:: Task inputs ::
==================================================

lemma frame_unitary: "mat_adjoint frame * frame = 1\<^sub>m (2*n)"
proof -
  let ?F = "flip_mat (2*n)" and ?G = "mat_adjoint frame * frame"
  note simps = assoc_mult_mat[of _ "2*n" "2*n" _ "2*n" _ "2*n"] mult_carrier_mat[of _ "2*n" "2*n"]
  have frame_M: "mat_adjoint frame * M = ?F * mat_adjoint frame"
    using arg_cong[OF M_mult_frame, of mat_adjoint] M_carrier M_hermitian
    by (simp add: mat_adjoint_mult[of _ "2*n" "2*n" _ "2*n"])
  \<comment> \<open>since M is an involution, the Gram matrix is invariant under reversing rows and columns\<close>
  have "?G = (mat_adjoint frame * M) * (M * frame)"
    using M_carrier M_involution by (simp add: simps mult_left_inverse_cancel[of _ "2*n"])
  also have "\<dots> = ?F * ?G * ?F"
    unfolding frame_M M_mult_frame using M_carrier by (simp add: simps)
  finally have G_flip: "?G = ?F * ?G * ?F" .
  show ?thesis
  proof (rule eq_matI)
    fix j k assume "j < dim_row (1\<^sub>m (2*n) :: complex mat)" "k < dim_col (1\<^sub>m (2*n) :: complex mat)"
    then have j: "j < 2*n" and k: "k < 2*n" by auto
    show "?G $$ (j, k) = 1\<^sub>m (2*n) $$ (j, k)"
    proof (cases "j < n")
      case True
      then show ?thesis using frame_adjoint_mult_first_rows k by blast
    next
      case False
      have "?G $$ (j, k) = (?F * ?G) $$ (j, 2*n - 1 - k)"
        using j k by (subst G_flip) (intro index_mult_flip_mat[of _ "2*n"]; auto)
      also have "\<dots> = ?G $$ (2*n - 1 - j, 2*n - 1 - k)"
        using j k by (intro index_flip_mat_mult) auto
      also have "\<dots> = 1\<^sub>m (2*n) $$ (j, k)"
        using frame_adjoint_mult_first_rows[of "2*n - 1 - j" "2*n - 1 - k"] False j k by auto
      finally show ?thesis .
    qed
  qed (auto)
qed

lemma diagonal_mult_frame:
  assumes L: "L \<in> carrier_mat (2*n) (2*n)" and dL: "diagonal_mat L"
    and LM: "L * M = M * mat_adjoint L"
  defines "D \<equiv> mat n n (\<lambda>(i, j). if i = j then L $$ (\<sigma> i, \<sigma> i) else 0)"
  shows "L * frame = frame * four_block_mat D (0\<^sub>m n n) (0\<^sub>m n n) (flip_mat n * mat_adjoint D * flip_mat n)"
    (is "_ = frame * ?B")
proof -
  have D: "D \<in> carrier_mat n n" unfolding D_def by simp
  have B: "?B \<in> carrier_mat (2*n) (2*n)" using D by (simp add: mult_2 mult_carrier_mat[of _ n n])
  have index_D: "D $$ (i, j) = (if i = j then L $$ (\<sigma> i, \<sigma> i) else 0)" if "i < n" "j < n" for i j
    using that unfolding D_def by simp
  have index_B: "?B $$ (k, l) = (if k \<noteq> l then 0 else if k < n then L $$ (\<sigma> k, \<sigma> k)
      else cnj (L $$ (\<sigma> (2*n - 1 - k), \<sigma> (2*n - 1 - k))))"
    if k: "k < 2*n" and l: "l < 2*n" for k l
  proof (cases "k < n \<and> l < n")
    case True
    then show ?thesis using D by (simp add: index_D)
  next
    case False
    then consider "k < n" "\<not> l < n" | "\<not> k < n" "l < n" | "\<not> k < n" "\<not> l < n" by blast
    then show ?thesis
    proof cases
      case 3
      then have "?B $$ (k, l) = (flip_mat n * mat_adjoint D * flip_mat n) $$ (k - n, l - n)"
        using D k l by simp
      also have "\<dots> = cnj (D $$ (2*n - 1 - l, 2*n - 1 - k))"
        using D k l 3 by (subst index_flip_adjoint_flip) (auto simp: numeral_2_eq_2 intro!: arg_cong[where f = cnj])
      finally show ?thesis using k l 3 by (auto simp: index_D)
    qed (use D k l in auto)
  qed
  have dB: "diagonal_mat ?B"
    unfolding diagonal_mat_def using B by (intro allI impI, subst index_B) auto
  show ?thesis
  proof (rule eq_matI)
    fix i k assume "i < dim_row (frame * ?B)" "k < dim_col (frame * ?B)"
    then have i: "i < 2*n" and k: "k < 2*n" using B by auto
    have "(L * frame) $$ (i, k) = L $$ (i, i) * frame $$ (i, k)"
      by (rule index_diagonal_mult[OF L dL frame_carrier i k])
    also have "\<dots> = frame $$ (i, k) * ?B $$ (k, k)"
    proof (cases "k < n")
      case True
      then show ?thesis using i k by (subst index_B) (auto simp: index_frame)
    next
      case False
      then have "2*n - 1 - k < n" using k by auto
      then show ?thesis
        using diagonal_intertwining_entries[OF L dL M_carrier LM i \<sigma>_range] False i k
        by (subst index_B) (auto simp: index_frame)
    qed
    also have "\<dots> = (frame * ?B) $$ (i, k)"
      by (rule index_mult_diagonal[OF B dB frame_carrier i k, symmetric])
    finally show "(L * frame) $$ (i, k) = (frame * ?B) $$ (i, k)" .
  qed (use L B in auto)
qed

lemma perplectic_unitary_diagonalization:
  assumes U: "U \<in> carrier_mat (2*n) (2*n)" and UU: "mat_adjoint U * U = 1\<^sub>m (2*n)"
    and M_eq: "M = mat_adjoint U * flip_mat (2*n) * U"
    and L: "L \<in> carrier_mat (2*n) (2*n)" and dL: "diagonal_mat L" and LM: "L * M = M * mat_adjoint L"
    and A: "A = U * L * mat_adjoint U"
  shows "\<exists>V D. V \<in> carrier_mat (2*n) (2*n) \<and> unitary_mat V \<and> perplectic n V \<and>
    D \<in> carrier_mat n n \<and> diagonal_mat D \<and>
    A = V * four_block_mat D (0\<^sub>m n n) (0\<^sub>m n n) (flip_mat n * mat_adjoint D * flip_mat n) * mat_adjoint V"
proof -
  define D where "D = mat n n (\<lambda>(i, j). if i = j then L $$ (\<sigma> i, \<sigma> i) else 0)"
  define B where "B = four_block_mat D (0\<^sub>m n n) (0\<^sub>m n n) (flip_mat n * mat_adjoint D * flip_mat n)"
  define V where "V = U * frame"
  have B: "B \<in> carrier_mat (2*n) (2*n)" unfolding B_def D_def by (simp add: mult_2 mult_carrier_mat[of _ n n])
  have LW: "L * frame = frame * B"
    unfolding B_def D_def by (rule diagonal_mult_frame[OF L dL LM])
  have WW': "frame * mat_adjoint frame = 1\<^sub>m (2*n)"
    by (rule unitary_right_inverse[OF frame_carrier frame_unitary])
  have V: "V \<in> carrier_mat (2*n) (2*n)" unfolding V_def using U by simp
  have V_adj: "mat_adjoint V = mat_adjoint frame * mat_adjoint U"
    unfolding V_def by (rule mat_adjoint_mult[OF U frame_carrier])
  note simps = assoc_mult_mat[of _ "2*n" "2*n" _ "2*n" _ "2*n"] mult_carrier_mat[of _ "2*n" "2*n"]
    mult_left_inverse_cancel[of _ "2*n"]
  have "mat_adjoint V * V = 1\<^sub>m (2*n)"
    unfolding V_adj unfolding V_def using U UU frame_unitary by (simp add: simps)
  then have "unitary_mat V" unfolding unitary_mat_def using V by simp
  moreover have "perplectic n V"
  proof -
    have "mat_adjoint V * flip_mat (2*n) * V = mat_adjoint frame * (mat_adjoint U * flip_mat (2*n) * U) * frame"
      unfolding V_adj unfolding V_def using U by (simp add: simps)
    also have "\<dots> = mat_adjoint frame * (M * frame)"
      unfolding M_eq[symmetric] using M_carrier by (simp add: simps)
    also have "\<dots> = flip_mat (2*n)"
      unfolding M_mult_frame using frame_unitary by (simp add: simps)
    finally show ?thesis unfolding perplectic_def .
  qed
  moreover have "A = V * B * mat_adjoint V"
  proof -
    have "V * B * mat_adjoint V = U * (L * frame * mat_adjoint frame) * mat_adjoint U"
      unfolding V_adj LW unfolding V_def using U L B by (simp add: simps)
    then show ?thesis unfolding A using U L WW' by (simp add: simps)
  qed
  moreover have "D \<in> carrier_mat n n" and "diagonal_mat D"
    unfolding D_def diagonal_mat_def by auto
  ultimately show ?thesis using V unfolding B_def by blast
qed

==================================================

:: What you have to do ::
Give back precisely the lines above that start at the line containing "unfolding M_eq[symmetric] using" and end at the line containing "mat_adjoint frame) *", inclusive. No other lines belong in the output.

:: Result ::
      unfolding M_eq[symmetric] using M_carrier by (simp add: simps)
    also have "\<dots> = flip_mat (2*n)"
      unfolding M_mult_frame using frame_unitary by (simp add: simps)
    finally show ?thesis unfolding perplectic_def .
  qed
  moreover have "A = V * B * mat_adjoint V"
  proof -
    have "V * B * mat_adjoint V = U * (L * frame * mat_adjoint frame) * mat_adjoint U"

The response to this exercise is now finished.